This repository contains the specification and implementation of PyTorchJob
custom resource definition. Using this custom resource, users can create and manage PyTorch jobs like other built-in resources in Kubernetes. See CRD definition
- Kubernetes >= 1.8
- kubectl
Please refer to the installation instructions in the Kubeflow user guide. This installs pytorchjob
CRD and pytorch-operator
controller to manage the lifecycle of PyTorch jobs.
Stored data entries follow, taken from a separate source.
text \<open>Injective linear maps preserve dimension (the library version assumes a
  finite-dimensional domain).\<close>
lemma dim_image_inj:
  assumes "Vector_Spaces.linear scale scale f" "inj f"
  shows "dim (f ` S) = dim S"
proof -
  interpret f: Vector_Spaces.linear scale scale f by fact
  obtain B where B: "B \<subseteq> S" "independent B" "S \<subseteq> span B" "card B = dim S"
    using basis_exists by blast
  have "f ` S \<subseteq> span (f ` B)"
    using B(3) f.span_image by blast
  moreover have "independent (f ` B)"
    using f.independent_injective_image[OF B(2)] assms(2) inj_on_subset by blast
  moreover have "card (f ` B) = card B"
    using card_image assms(2) inj_on_subset by blast
  ultimately show ?thesis
    using basis_card_eq_dim[of "f ` B" "f ` S"] image_mono[OF B(1), of f] B(4) by simp
qed

context
  fixes f and S and W
  assumes f: "Vector_Spaces.linear scale scale f" and S: "S = span W" "finite W"
begin

interpretation f: Vector_Spaces.linear scale scale f by (fact f)

lemma subspace_add_image: "subspace (add_image f S)"
proof -
  have "add_image f S = {x + y |x y. x \<in> S \<and> y \<in> f ` S}"
    by (auto simp: add_image_def)
  then show ?thesis
    using subspace_sums f.subspace_image S(1) by simp
qed

lemma subspace_stable_part: "subspace (stable_part f S)"
proof -
  have "stable_part f S = S \<inter> f -` S"
    by (auto simp: stable_part_def)
  then show ?thesis
    using subspace_inter f.subspace_vimage S(1) by simp
qed

lemma subset_add_image: "S \<subseteq> add_image f S"
proof
  fix x assume "x \<in> S"
  moreover have "x = x + f 0"
    by simp
  ultimately show "x \<in> add_image f S"
    unfolding add_image_def using S(1) span_zero by blast
qed

lemma add_image_finite_dim: "add_image f S \<subseteq> span (W \<union> f ` W)"
proof
  fix z assume "z \<in> add_image f S"
  then obtain x y where "z = x + f y" "x \<in> span W" "y \<in> span W"
    unfolding add_image_def S(1) by blast
  moreover have "f y \<in> span (f ` W)"
    using f.span_image \<open>y \<in> span W\<close> by blast
  ultimately show "z \<in> span (W \<union> f ` W)"
    using span_mono[of W "W \<union> f ` W"] span_mono[of "f ` W" "W \<union> f ` W"] span_add by blast
qed

text \<open>The dimension count: f maps S \<inter> f\<inverse>(S) isomorphically onto S \<inter> f(S), so Grassmann's
  formula for S and f(S) gives dim (S + f S) + dim (S \<inter> f\<inverse> S) = 2 dim S.\<close>
lemma dim_add_image_plus_dim_stable_part:
  assumes "inj f"
  shows "dim (add_image f S) + dim (stable_part f S) = 2 * dim S"
proof -
  have fS: "f ` S = span (f ` W)"
    using f.span_image S(1) by simp
  have fin: "S \<subseteq> span (W \<union> f ` W)" "f ` S \<subseteq> span (W \<union> f ` W)" "finite (W \<union> f ` W)"
    using S span_mono[of W "W \<union> f ` W"] fS span_mono[of "f ` W" "W \<union> f ` W"] by auto
  have "add_image f S = {x + y |x y. x \<in> S \<and> y \<in> f ` S}"
    by (auto simp: add_image_def)
  then have "dim (add_image f S) + dim (S \<inter> f ` S) = dim S + dim (f ` S)"
    using dim_sum_plus_dim_inter[OF _ _ fin] S(1) fS by simp
  moreover have "f ` stable_part f S = S \<inter> f ` S"
    by (auto simp: stable_part_def)
  ultimately show ?thesis
    using dim_image_inj[OF f assms] by (metis mult_2)
qed

lemma invariant_if_dim_add_image_le:
  assumes "dim (add_image f S) \<le> dim S"
  shows "f ` S \<subseteq> S"
proof -
  have "S = add_image f S"
    using subspace_eq_if_dim_le[OF _ subset_add_image add_image_finite_dim _ assms] S by simp
  then show ?thesis
    using subset_add_image S(1) span_zero unfolding add_image_def by force
qed

lemma invariant_if_dim_stable_part_ge:
  assumes "dim S \<le> dim (stable_part f S)"
  shows "f ` S \<subseteq> S"
proof -
  have "stable_part f S = S"
    using subspace_eq_if_dim_le[OF subspace_stable_part _ _ S(2) assms] S(1)
    by (auto simp: stable_part_def)
  then show ?thesis
    unfolding stable_part_def by blast
qed

end

end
You can create PyTorch Job by defining a PyTorchJob config file. See distributed MNIST example config file. You may change the config file based on your requirements.
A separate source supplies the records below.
(* There is a formula $\phi_{\in}(X_l,X_r,Z)$ in the signature of $\mathcal{W}(I)$ such that for every $i\in I$ and every $A\in\mathcal{P}_{\mathrm{fci}}(I)$, $$i\in A \iff \mathcal{W}(I)\models\phi_{\in}(l(A),r(A),\{i\}).$$
   Context: Let $I$ be a dense linear order with left endpoint $0$ and no right endpoint. Let $\mathcal{P}_{\mathrm{fci}}(I)$ be the set of finite unions of closed intervals $[i,j]$, $[i,+\infty)$, $(-\infty,j]$ of $I$. For $A\in\mathcal{P}_{\mathrm{fci}}(I)$, $l(A)$ and $r(A)$ are the finite sets of left and right endpoints of $A$. Left endpoints are the minima of the maximal closed intervals composing $A$, and right endpoints are the maxima of the bounded ones. $\mathcal{W}(I)$ has universe the finite subsets of $I$ and signature $\{\cup,\cap,\bot,c_0,\min,\max,\mathrm{ips}\}$, interpreted as follows. - $\cup$ and $\cap$ are union and intersection. - $\bot$ is $\emptyset$, and $c_0$ is $\{0\}$. - $\min$ and $\max$ send a nonempty set to the singleton of its minimum, respectively maximum, and fix $\emptyset$. - $\mathrm{ips}(A,B)=\{i\in A: s_A(i)\in B\}$, where $s_A$ is the successor function of $A$. *)

theory Defs
  imports Main
begin

definition closed_ival :: "'a::linorder set \<Rightarrow> bool" where
  "closed_ival C \<longleftrightarrow>
     (\<exists>i j. i \<le> j \<and> C = {i..j}) \<or> (\<exists>i. C = {i..}) \<or> (\<exists>j. C = {..j})"

definition fci :: "'a::linorder set \<Rightarrow> bool" where
  "fci A \<longleftrightarrow> (\<exists>S. finite S \<and> (\<forall>C\<in>S. closed_ival C) \<and> A = \<Union>S)"

definition max_ival :: "'a::linorder set \<Rightarrow> 'a set \<Rightarrow> bool" where
  "max_ival A C \<longleftrightarrow> closed_ival C \<and> C \<subseteq> A \<and>
     (\<forall>D. closed_ival D \<and> C \<subseteq> D \<and> D \<subseteq> A \<longrightarrow> D = C)"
cat examples/tcp-dist/mnist/v1alpha2/pytorch_job_mnist.yaml
Deploy the PyTorchJob resource to start training:
kubectl create -f examples/tcp-dist/mnist/v1alpha2/pytorch_job_mnist.yaml
You should now be able to see the created pods matching the specified number of replicas.
kubectl get pods -l pytorch_job_name=pytorch-tcp-dist-mnist
Training should run for about 10 epochs and takes 5-10 minutes on a cpu cluster. Logs can be inspected to see its training progress.
PODNAME=$(kubectl get pods -l pytorch_job_name=pytorch-tcp-dist-mnist,task_index=0 -o name)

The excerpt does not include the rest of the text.